Unexpected huge memory cost of matmul()

I have some questions of memory cost of matmul() function. Specifically, I have a matrix A of size [4096, 4096], and a tensor v of size [192, 4096, 1]. What I want to do is to multiply A to the last two dimension of v and return the multiplication result of size [192, 4096, 1]. So I wrote

w = torch.matmul(A, v)

But I got a out of memory error saying pytorch needs to allocate 12 GB of memory while I have only 11. I checked that both A and v have requires_grad=False.

My question is that is this amount of memory cost normal or I just misused the matmul() function? If it is the way it should be used, is there any method to get rid of the out of memory error?

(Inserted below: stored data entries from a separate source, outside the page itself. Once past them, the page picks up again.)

lemma Lop_plus_quadratic_form_ge:
  assumes T: "bounded_op T" and pos: "\<forall>\<xi>\<in>l2. l2_inner \<xi> (T \<xi>) \<ge> 0"
    and C: "\<And>x. x \<in> l2 \<Longrightarrow> l2_norm (T x) \<le> C * l2_norm x"
    and m: "0 < m"
    and coercive: "\<And>x. x \<in> coord_subspace k \<Longrightarrow> m * (l2_norm x)\<^sup>2 \<le> Re (l2_inner x (T x))"
    and \<xi>: "\<xi> \<in> l2"
  shows "complex_of_real (min (m / 2) 1 / (1 + 4 * C\<^sup>2 / m)) * l2_inner \<xi> \<xi>
    \<le> l2_inner \<xi> (\<lambda>j. Lop k \<xi> j + T \<xi> j)"
proof -
  define a b where "a = head_coords k \<xi>" and "b = Lop k \<xi>"
  have a: "a \<in> coord_subspace k" and b: "b \<in> l2"
    using \<xi> by (simp_all add: a_def b_def head_coords_coord_subspace Lop_l2)
  have T\<xi>: "0 \<le> Re (l2_inner \<xi> (T \<xi>))" "Im (l2_inner \<xi> (T \<xi>)) = 0"
    using pos \<xi> by (auto simp: less_eq_complex_def)
  have "Re (l2_inner a (T a)) + Re (l2_inner b (T b)) - 2 * C * l2_norm a * l2_norm b
      \<le> Re (l2_inner \<xi> (T \<xi>))"
    using Re_quadratic_form_add_ge[OF T C coord_subspace_l2[OF a] b]
    by (simp add: a_def b_def head_coords_add_Lop)
  moreover have "0 \<le> Re (l2_inner b (T b))"
    using pos b by (simp add: less_eq_complex_def)
  ultimately have "m * (l2_norm a)\<^sup>2 - 2 * C * l2_norm a * l2_norm b \<le> Re (l2_inner \<xi> (T \<xi>))"
    using coercive[OF a] by linarith
  from absorb_cross_term[OF m T\<xi>(1) this]
  have "min (m / 2) 1 / (1 + 4 * C\<^sup>2 / m) * (l2_norm \<xi>)\<^sup>2
      \<le> (l2_norm b)\<^sup>2 + Re (l2_inner \<xi> (T \<xi>))"
    unfolding l2_norm_square_head_Lop[OF \<xi>, of k] a_def b_def .
  moreover have "l2_inner \<xi> (\<lambda>j. Lop k \<xi> j + T \<xi> j)
      = complex_of_real ((l2_norm b)\<^sup>2) + l2_inner \<xi> (T \<xi>)"
    using \<xi> b T by (simp add: b_def l2_inner_add_right l2_inner_Lop bounded_op_l2)
  ultimately show ?thesis
    using T\<xi>(2) by (simp add: l2_inner_self \<xi> less_eq_complex_def)
qed
lemma Dle_subset_Dab_union:
  assumes "lam \<noteq> 1" and "\<delta> < 1"
  shows "(Dle q lam \<delta> :: (('g \<Rightarrow> 'a) \<times> ('g \<Rightarrow> 'a)) set set)
     \<subseteq> (\<Union>l \<in> {l. mu TYPE('g) TYPE('a) \<le> l \<and> l < CARD('g)}.
           \<Union>J \<in> Omega q l. \<Union>(a, b) \<in> pairs_le q J \<delta>. Dab q lam a b)"
proof
  fix C :: "(('g \<Rightarrow> 'a) \<times> ('g \<Rightarrow> 'a)) set"
  assume "C \<in> Dle q lam \<delta>"
  then obtain \<beta> s where \<beta>: "gmul \<beta> (gtau q \<beta>) = gscalar (lam - 1)" and "(s, gmul s \<beta>) \<in> C"
    and "s \<noteq> 0" and wt: "real (wt2 (s, gmul s \<beta>)) \<le> 2 * real CARD('g) * \<delta>"
    by (rule Dle_minimal_codeword)
  define b where "b = gmul s \<beta>"
  define S where "S = {e \<in> Ehat q. gmul e s \<noteq> 0}"
  have Ls: "Lset q s = idsum S" and Lb: "Lset q b = idsum S"
    using Lset_gmul_eq[OF \<beta>] assms(1) unfolding b_def S_def Lset_def by simp_all
  have "S \<noteq> {}"
  proof
    assume "S = {}"
    then have "gmul e s = 0" "gmul e b = 0" if "e \<in> Ehat q" for e
      using that by (auto simp: S_def b_def simp flip: GA.m_assoc)
    moreover have "b \<noteq> 0" using \<open>s \<noteq> 0\<close> gmul_eq_0_iff_of_gscalar[OF \<beta>] assms(1) by (simp add: b_def)
    ultimately have "wt2 (s, b) = 2 * CARD('g)"
      using \<open>s \<noteq> 0\<close> by (simp add: wt2_def wt_eq_card_if_Ehat_annihilates)
    with wt \<open>\<delta> < 1\<close> show False by (simp add: b_def)
  qed
  have "S \<subseteq> Ehat q" by (simp add: S_def)
  then have "idsum S \<in> Omega q (gdim (idsum S))"
    and "mu TYPE('g) TYPE('a) \<le> gdim (idsum S)" and "gdim (idsum S) < CARD('g)"
    using \<open>S \<noteq> {}\<close> by (auto simp: Omega_def intro: mu_le_gdim_idsum gdim_idsum_less_card)
  moreover have "(s, b) \<in> pairs_le q (idsum S) \<delta>"
    using mem_Jtilde_Lset[of s] mem_Jtilde_Lset[of b] Ls Lb wt
    unfolding pairs_le_def Jstar_def b_def by simp
  moreover have "C \<in> Dab q lam s b"
    using \<open>C \<in> Dle q lam \<delta>\<close> \<open>(s, gmul s \<beta>) \<in> C\<close> unfolding Dab_def Dle_def b_def by simp
  ultimately show "C \<in> (\<Union>l \<in> {l. mu TYPE('g) TYPE('a) \<le> l \<and> l < CARD('g)}.
           \<Union>J \<in> Omega q l. \<Union>(a, b) \<in> pairs_le q J \<delta>. Dab q lam a b)"
    by blast
qed

end

theorem lemma3p11:
  fixes q :: nat and lam :: "'a::{field,finite}" and \<delta> :: real
  assumes "\<exists>p k. prime p \<and> k > 0 \<and> q = p ^ k"
    and "CARD('a) = q ^ 2"
    and "odd CARD('g::{ab_group_add,finite})"
    and "coprime CARD('g) q"
    and "lam \<noteq> 0" and "lam \<noteq> 1"
    and "0 \<le> \<delta>" and "\<delta> \<le> 1 - 1 / real q"
  shows "(Dle q lam \<delta> :: (('g \<Rightarrow> 'a) \<times> ('g \<Rightarrow> 'a)) set set)
     \<subseteq> (\<Union>l \<in> {l. mu TYPE('g) TYPE('a) \<le> l \<and> l < CARD('g)}.
           \<Union>J \<in> Omega q l. \<Union>(a, b) \<in> pairs_le q J \<delta>. Dab q lam a b)"
proof -
  obtain p k where pk: "prime p" "k > 0" "q = p ^ k" using assms(1) by blast
  note field = finite_field_card_q_square[OF pk assms(2)]
  have "1 / real q > 0" using pk prime_gt_0_nat by simp
  then have "\<delta> < 1" using assms(8) by linarith
  show ?thesis
    by (rule Dle_subset_Dab_union[OF field(1,2) field(3)[OF assms(4)] assms(6) \<open>\<delta> < 1\<close>])
qed

end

The input tensor, once the batch dimension is added will be 192 x 4096 x 4096 that adds up to ~12GB of memory.
If you want to handle the batch dimension in a less memory hangry manner, I would suggest: w = torch.bmm(A.unsqueeze(0).expand_as(v), v).


So broadcasting will expand a tensor “physically”?

I didn’t check the code, but looks like it does.

Ahh I got the point. And torch.bmm works great for me. Thank you so much for your help!

This is a performance bug and should be fixed. I’ve written up a bug report here:

@liangbright, In general broadcasting does not usually expand a tensor “physically” (in memory), but in this case matmul unnecessarily expands the tensor by calling “contiguous()” on the expanded tensor.